■ DATA TO PROCESS
(* Let $p\in(0,1)$ and $0<\alpha<\frac{p}{1-p}$. Let $E:\mathbb{R}_{\ge0}\to\mathbb{R}_{\ge0}$ be a proper error score such that the limits $\lim_{x\to\infty}\frac{E'(x)}{E(x)}$, $\lim_{x\to\infty}\frac{E(x)}{E(ax)}$ and $\lim_{x\to\infty}\frac{E'(x)}{E'(ax)}$ exist (in the extended reals) for every $a\in(0,1)$, and suppose there are constants $k,\nu>0$ with $E(x)\le k e^{-\nu x}$ for all $x\ge0$. Then $E$ is undulating (with respect to $p,\alpha$).
   Context: A proper error score is a function $E:\mathbb{R}_{\ge0}\to\mathbb{R}_{\ge0}$ that is twice differentiable, with $E(x)>0$ and $E'(x)<0$ for all $x\ge0$, $E(0)=c_0>0$, and $\lim_{x\to\infty}E(x)=0$. Given $p\in(0,1)$ and $0<\alpha<\frac{p}{1-p}$, an error score $E$ is undulating if there exist $z_1,z_2\in\mathbb{R}$ such that $\frac{E'(pm)}{E'(\alpha(1-p)m)}>\frac{\alpha(1-p)}{p}$ for all $m\ge 0$ with $m<z_1$, and $\frac{E'(pm)}{E'(\alpha(1-p)m)}<\frac{\alpha(1-p)}{p}$ for all $m>z_2$. *)

theory Defs
  imports "HOL-Analysis.Analysis"
begin

definition proper_error_score :: "(real \<Rightarrow> real) \<Rightarrow> (real \<Rightarrow> real) \<Rightarrow> bool" where
  "proper_error_score E E' \<longleftrightarrow>
     (\<exists>E''. \<forall>x\<ge>0. (E has_real_derivative E' x) (at x within {0..}) \<and>
                    (E' has_real_derivative E'' x) (at x within {0..})) \<and>
     (\<forall>x\<ge>0. E x > 0 \<and> E' x < 0) \<and>
     E 0 > 0 \<and>
     (E \<longlongrightarrow> 0) at_top"

definition undulating :: "real \<Rightarrow> real \<Rightarrow> (real \<Rightarrow> real) \<Rightarrow> bool" where
  "undulating p \<alpha> E' \<longleftrightarrow>
     (\<exists>z1 z2::real.
        (\<forall>m. 0 \<le> m \<and> m < z1 \<longrightarrow> E' (p * m) / E' (\<alpha> * (1 - p) * m) > \<alpha> * (1 - p) / p) \<and>
        (\<forall>m. m > z2 \<longrightarrow> E' (p * m) / E' (\<alpha> * (1 - p) * m) < \<alpha> * (1 - p) / p))"

end

theory Submission
  imports Defs
begin

text \<open>Put \<open>a = \<alpha>(1-p)/p\<close>, so \<open>0 < a < 1\<close> and \<open>\<alpha>(1-p)m = a(pm)\<close>; undulation then compares
  \<open>E'(y)/E'(ay)\<close> with \<open>a\<close>. Near \<open>y = 0\<close> this ratio tends to \<open>1 > a\<close> by continuity of \<open>E'\<close>.
  For large \<open>y\<close> its limit must vanish: if it stayed above some \<open>c > 0\<close>, then
  \<open>aE(y) - cE(ay)\<close> would be eventually nonincreasing with limit \<open>0\<close>, hence nonnegative,
  so \<open>E(ay) \<le> (a/c)E(y)\<close>. Iterating along \<open>y, y/a, y/a\<^sup>2, \<dots>\<close> shows that \<open>E\<close> decays
  only polynomially, contradicting the exponential bound.\<close>

lemma dilation_bound_of_derivative_bound:
  fixes E E' :: "real \<Rightarrow> real" and a c X0 x :: real
  assumes "0 < a" "0 < X0" "X0 \<le> x"
    and der: "\<And>y. 0 < y \<Longrightarrow> (E has_real_derivative E' y) (at y)"
    and lim: "(E \<longlongrightarrow> 0) at_top"
    and bound: "\<And>y. X0 \<le> y \<Longrightarrow> E' y \<le> c * E' (a * y)"
  shows "c * E (a * x) \<le> a * E x"
proof -
  define h where "h y = a * E y - c * E (a * y)" for y
  have h_deriv: "(h has_real_derivative a * E' y - c * (E' (a * y) * a)) (at y)" if "0 < y" for y
  proof -
    have "((\<lambda>y. E (a * y)) has_real_derivative E' (a * y) * a) (at y)"
      by (rule DERIV_chain2[OF der]) (use \<open>0 < a\<close> that in \<open>auto intro!: derivative_eq_intros\<close>)
    then show ?thesis
      unfolding h_def by (auto intro!: derivative_eq_intros der that)
  qed
  have h_antimono: "h z \<le> h y" if "X0 \<le> y" "y \<le> z" for y z
  proof (rule DERIV_nonpos_imp_nonincreasing[OF that(2)])
    fix t assume "y \<le> t" "t \<le> z"
    with that have "X0 \<le> t" by linarith
    then have "a * E' t - c * (E' (a * t) * a) \<le> 0"
      using bound[of t] \<open>0 < a\<close> by (simp add: algebra_simps mult_left_mono)
    with h_deriv[of t] \<open>0 < X0\<close> \<open>X0 \<le> t\<close>
    show "\<exists>d. (h has_real_derivative d) (at t) \<and> d \<le> 0" by auto
  qed
  have "((\<lambda>y. E (a * y)) \<longlongrightarrow> 0) at_top"
    by (rule filterlim_compose[OF lim filterlim_tendsto_pos_mult_at_top[OF tendsto_const \<open>0 < a\<close> filterlim_ident]])
  then have "(h \<longlongrightarrow> 0) at_top"
    unfolding h_def using tendsto_diff[OF tendsto_mult_right_zero[OF lim] tendsto_mult_right_zero] by simp
  moreover have "\<forall>\<^sub>F y in at_top. h y \<le> h x"
    using eventually_ge_at_top[of x] by eventually_elim (use h_antimono \<open>X0 \<le> x\<close> in auto)
  ultimately have "0 \<le> h x"
    by (rule tendsto_le[OF trivial_limit_at_top_linorder tendsto_const])
  then show ?thesis unfolding h_def by simp
qed

lemma dilation_bound_iterate:
  fixes E :: "real \<Rightarrow> real" and a K X0 X :: real
  assumes "0 < a" "a \<le> 1" "0 \<le> K" "0 \<le> X" "X0 \<le> X"
    and dilation: "\<And>x. X0 \<le> x \<Longrightarrow> E (a * x) \<le> K * E x"
  shows "E X \<le> K ^ n * E (X / a ^ n)"
proof (induction n)
  case 0
  then show ?case by simp
next
  case (Suc n)
  have "X \<le> X / a ^ Suc n"
  proof -
    have "a ^ Suc n \<le> 1" using assms(1,2) by (intro power_le_one) auto
    then show ?thesis
      using assms(1,4) by (simp add: le_divide_eq mult_left_le del: power_Suc)
  qed
  then have "E (X / a ^ n) \<le> K * E (X / a ^ Suc n)"
    using dilation[of "X / a ^ Suc n"] \<open>X0 \<le> X\<close> \<open>0 < a\<close> by simp
  then have "K ^ n * E (X / a ^ n) \<le> K ^ n * (K * E (X / a ^ Suc n))"
    using \<open>0 \<le> K\<close> by (intro mult_left_mono) auto
  with Suc.IH show ?case by (simp add: mult_ac)
qed

lemma dilation_bound_contradicts_exponential_decay:
  fixes E :: "real \<Rightarrow> real" and a K X0 k \<nu> :: real
  assumes "0 < a" "a < 1" "1 \<le> K" "0 < \<nu>"
    and dilation: "\<And>x. X0 \<le> x \<Longrightarrow> E (a * x) \<le> K * E x"
    and pos: "\<And>x. 0 \<le> x \<Longrightarrow> 0 < E x"
    and decay: "\<forall>x\<ge>0. E x \<le> k * exp (- \<nu> * x)"
  shows False
proof -
  define b where "b = 1 / a"
  have "1 < b" using assms(1,2) unfolding b_def by simp
  define X where "X = max X0 (max 1 ((ln K + 1) / (\<nu> * (b - 1))))"
  have "X0 \<le> X" "1 \<le> X" and X_large: "(ln K + 1) / (\<nu> * (b - 1)) \<le> X"
    unfolding X_def by auto
  have "0 < k"
    using pos[of 0] decay by (metis exp_gt_zero order_less_le_trans zero_less_mult_pos2 order_refl)
  have "E X \<le> k * exp (- real n)" for n
  proof -
    have "real n * (ln K + 1) \<le> real n * (\<nu> * X * (b - 1))"
      using X_large \<open>0 < \<nu>\<close> \<open>1 < b\<close>
      by (intro mult_left_mono) (simp_all add: divide_le_eq mult_ac)
    also have "\<dots> \<le> \<nu> * X * (1 + real n * (b - 1))"
      using \<open>0 < \<nu>\<close> \<open>1 \<le> X\<close> by (simp add: algebra_simps)
    also have "\<dots> \<le> \<nu> * (X * b ^ n)"
      using Bernoulli_inequality[of "b - 1" n] \<open>1 < b\<close> \<open>0 < \<nu>\<close> \<open>1 \<le> X\<close> by (simp add: mult_left_mono)
    finally have exponent: "real n * (ln K + 1) \<le> \<nu> * (X * b ^ n)" .
    have "E X \<le> K ^ n * E (X * b ^ n)"
      using dilation_bound_iterate[of a K X X0 E n] assms(1-3) dilation \<open>1 \<le> X\<close> \<open>X0 \<le> X\<close>
      unfolding b_def by (simp add: power_one_over)
    also have "\<dots> \<le> K ^ n * (k * exp (- \<nu> * (X * b ^ n)))"
      using decay \<open>1 \<le> X\<close> \<open>1 < b\<close> \<open>1 \<le> K\<close> by (intro mult_left_mono) auto
    also have "\<dots> \<le> exp (real n * ln K) * (k * exp (- (real n * (ln K + 1))))"
      using exponent \<open>0 < k\<close> \<open>1 \<le> K\<close> by (intro mult_mono) (auto simp: exp_of_nat_mult)
    also have "\<dots> = k * exp (- real n)"
      by (simp add: exp_add[symmetric] algebra_simps)
    finally show ?thesis .
  qed
  moreover have "0 < E X" using pos \<open>1 \<le> X\<close> by simp
  moreover obtain n :: nat where "k / E X < real n" using reals_Archimedean2 by blast
  ultimately have "E X * exp (real n) \<le> k" "k < E X * real n"
    by (auto simp: exp_minus field_simps)
  moreover have "E X * real n \<le> E X * exp (real n)"
    using \<open>0 < E X\<close> exp_ge_add_one_self[of "real n"] by (intro mult_left_mono) linarith+
  ultimately show False by linarith
qed

lemma derivative_ratio_limit_eq_zero_of_exponential_decay:
  fixes E E' :: "real \<Rightarrow> real" and a k \<nu> :: real and L :: ereal
  assumes "0 < a" "a < 1" "0 < \<nu>"
    and der: "\<And>x. 0 < x \<Longrightarrow> (E has_real_derivative E' x) (at x)"
    and pos: "\<And>x. 0 \<le> x \<Longrightarrow> 0 < E x"
    and neg: "\<And>x. 0 \<le> x \<Longrightarrow> E' x < 0"
    and lim: "(E \<longlongrightarrow> 0) at_top"
    and decay: "\<forall>x\<ge>0. E x \<le> k * exp (- \<nu> * x)"
    and ratio: "((\<lambda>x. ereal (E' x / E' (a * x))) \<longlongrightarrow> L) at_top"
  shows "L = 0"
proof (rule antisym)
  have "\<forall>\<^sub>F x in at_top. 0 \<le> ereal (E' x / E' (a * x))"
    using eventually_ge_at_top[of 0]
  proof eventually_elim
    case (elim x)
    then have "E' x < 0" "E' (a * x) < 0" using neg \<open>0 < a\<close> by simp_all
    then show ?case by (simp add: divide_nonpos_neg)
  qed
  then show "0 \<le> L"
    by (rule tendsto_le[OF trivial_limit_at_top_linorder ratio tendsto_const])
  show "L \<le> 0"
  proof (rule ccontr)
    assume "\<not> L \<le> 0"
    then obtain c where "0 < c" "ereal c < L"
      using ereal_dense2[of 0 L] by (auto simp: not_le)
    define c' where "c' = min c a"
    have "0 < c'" "c' \<le> a" using \<open>0 < c\<close> \<open>0 < a\<close> unfolding c'_def by auto
    have "ereal c' < L"
      using \<open>ereal c < L\<close> unfolding c'_def by (meson ereal_less_eq(3) min.cobounded1 order_le_less_trans)
    from order_tendstoD(1)[OF ratio this]
    obtain X1 where X1: "\<And>x. X1 \<le> x \<Longrightarrow> c' < E' x / E' (a * x)"
      unfolding eventually_at_top_linorder by auto
    define X0 where "X0 = max X1 1"
    have derivative_bound: "E' x \<le> c' * E' (a * x)" if "X0 \<le> x" for x
    proof -
      have "E' (a * x) < 0" using neg \<open>0 < a\<close> that unfolding X0_def by simp
      with X1[of x] that show ?thesis
        unfolding X0_def by (simp add: less_divide_eq)
    qed
    have "E (a * x) \<le> a / c' * E x" if "X0 \<le> x" for x
      using dilation_bound_of_derivative_bound[OF \<open>0 < a\<close> _ that der lim derivative_bound]
        \<open>0 < c'\<close> unfolding X0_def by (simp add: field_simps)
    moreover have "1 \<le> a / c'" using \<open>0 < c'\<close> \<open>c' \<le> a\<close> by simp
    ultimately show False
      using dilation_bound_contradicts_exponential_decay[OF \<open>0 < a\<close> \<open>a < 1\<close> _ \<open>0 < \<nu>\<close>]
        pos decay by blast
  qed
qed

lemma derivative_ratio_gt_near_zero:
  fixes E' :: "real \<Rightarrow> real" and r s a :: real
  assumes "continuous_on {0..} E'" "\<And>x. 0 \<le> x \<Longrightarrow> E' x \<noteq> 0"
    and "0 \<le> r" "0 \<le> s" "a < 1"
  shows "\<exists>z>0. \<forall>m. 0 \<le> m \<and> m < z \<longrightarrow> a < E' (r * m) / E' (s * m)"
proof -
  define f where "f m = E' (r * m) / E' (s * m)" for m
  have "continuous_on {0..} f"
    unfolding f_def using assms
    by (auto intro!: continuous_intros continuous_on_compose2[OF assms(1)])
  then have "(f \<longlongrightarrow> f 0) (at 0 within {0..})"
    by (simp add: continuous_on_def)
  moreover have "a < f 0" using assms(2)[of 0] \<open>a < 1\<close> by (simp add: f_def)
  ultimately have "\<forall>\<^sub>F m in at 0 within {0..}. a < f m"
    by (rule order_tendstoD(1))
  then obtain z where "0 < z" and z: "\<And>m. 0 \<le> m \<Longrightarrow> m \<noteq> 0 \<Longrightarrow> dist m 0 < z \<Longrightarrow> a < f m"
    unfolding eventually_at by auto
  have "a < f m" if "0 \<le> m" "m < z" for m
    using z[of m] that \<open>a < f 0\<close> by (cases "m = 0") auto
  with \<open>0 < z\<close> show ?thesis unfolding f_def by blast
qed

lemma proper_error_scoreD:
  fixes E E' :: "real \<Rightarrow> real"
  assumes "proper_error_score E E'"
  shows proper_error_score_deriv: "\<And>x. 0 < x \<Longrightarrow> (E has_real_derivative E' x) (at x)"
    and proper_error_score_continuous_deriv: "continuous_on {0..} E'"
    and proper_error_score_pos: "\<And>x. 0 \<le> x \<Longrightarrow> 0 < E x"
    and proper_error_score_deriv_neg: "\<And>x. 0 \<le> x \<Longrightarrow> E' x < 0"
    and proper_error_score_tendsto_zero: "(E \<longlongrightarrow> 0) at_top"
proof -
  obtain E'' where deriv: "\<And>x. 0 \<le> x \<Longrightarrow> (E has_real_derivative E' x) (at x within {0..})"
    and deriv2: "\<And>x. 0 \<le> x \<Longrightarrow> (E' has_real_derivative E'' x) (at x within {0..})"
    using assms unfolding proper_error_score_def by blast
  show "(E has_real_derivative E' x) (at x)" if "0 < x" for x
    using deriv[of x] that at_within_interior[of x "{0..}"] by simp
  show "continuous_on {0..} E'"
    using deriv2 by (auto simp: continuous_on_eq_continuous_within intro: DERIV_continuous)
  show "0 < E x" "E' x < 0" if "0 \<le> x" for x
    using assms that unfolding proper_error_score_def by auto
  show "(E \<longlongrightarrow> 0) at_top"
    using assms unfolding proper_error_score_def by blast
qed

text \<open>Only the limit of \<open>E'(x)/E'(ax)\<close> and the exponential bound are needed.\<close>

theorem corollary1:
  fixes E E' :: "real \<Rightarrow> real" and p \<alpha> k \<nu> :: real
  assumes "0 < p" "p < 1" "0 < \<alpha>" "\<alpha> < p / (1 - p)"
    and "proper_error_score E E'"
    and "\<exists>L::ereal. ((\<lambda>x. ereal (E' x / E x)) \<longlongrightarrow> L) at_top"
    and "\<forall>a. 0 < a \<and> a < 1 \<longrightarrow> (\<exists>L::ereal. ((\<lambda>x. ereal (E x / E (a * x))) \<longlongrightarrow> L) at_top)"
    and "\<forall>a. 0 < a \<and> a < 1 \<longrightarrow> (\<exists>L::ereal. ((\<lambda>x. ereal (E' x / E' (a * x))) \<longlongrightarrow> L) at_top)"
    and "0 < k" "0 < \<nu>" "\<forall>x\<ge>0. E x \<le> k * exp (- \<nu> * x)"
  shows "undulating p \<alpha> E'"
proof -
  define a where "a = \<alpha> * (1 - p) / p"
  have "0 < a" "a < 1"
    unfolding a_def using assms(1-4) by (simp_all add: field_simps)
  have rescale: "\<alpha> * (1 - p) * m = a * (p * m)" for m
    unfolding a_def using \<open>0 < p\<close> by simp
  obtain L where L: "((\<lambda>x. ereal (E' x / E' (a * x))) \<longlongrightarrow> L) at_top"
    using assms(8) \<open>0 < a\<close> \<open>a < 1\<close> by blast
  have "L = 0"
    using derivative_ratio_limit_eq_zero_of_exponential_decay[OF \<open>0 < a\<close> \<open>a < 1\<close> \<open>0 < \<nu>\<close> _ _ _ _ assms(11) L]
      proper_error_scoreD[OF assms(5)] by blast
  then have "\<forall>\<^sub>F x in at_top. E' x / E' (a * x) < a"
    using order_tendstoD(2)[OF L, of a] \<open>0 < a\<close> by simp
  then have "\<forall>\<^sub>F m in at_top. E' (p * m) / E' (a * (p * m)) < a"
    using filterlim_tendsto_pos_mult_at_top[OF tendsto_const \<open>0 < p\<close> filterlim_ident]
    by (rule eventually_compose_filterlim)
  then obtain z2 where "\<forall>m > z2. E' (p * m) / E' (\<alpha> * (1 - p) * m) < \<alpha> * (1 - p) / p"
    unfolding eventually_at_top_dense rescale a_def by blast
  moreover obtain z1 where "\<forall>m. 0 \<le> m \<and> m < z1 \<longrightarrow> \<alpha> * (1 - p) / p < E' (p * m) / E' (\<alpha> * (1 - p) * m)"
    using derivative_ratio_gt_near_zero[of E' p "\<alpha> * (1 - p)" a] \<open>a < 1\<close> assms(1-3)
      proper_error_scoreD(2,4)[OF assms(5)] unfolding a_def by fastforce
  ultimately show ?thesis
    unfolding undulating_def by blast
qed

end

■ WORK ITEM
From the records above, copy each line in which the string "lemma" occurs.

■ COMPLETED EXERCISE
lemma dilation_bound_of_derivative_bound:
lemma dilation_bound_iterate:
lemma dilation_bound_contradicts_exponential_decay:
lemma derivative_ratio_limit_eq_zero_of_exponential_decay:
lemma derivative_ratio_gt_near_zero:
lemma proper_error_scoreD:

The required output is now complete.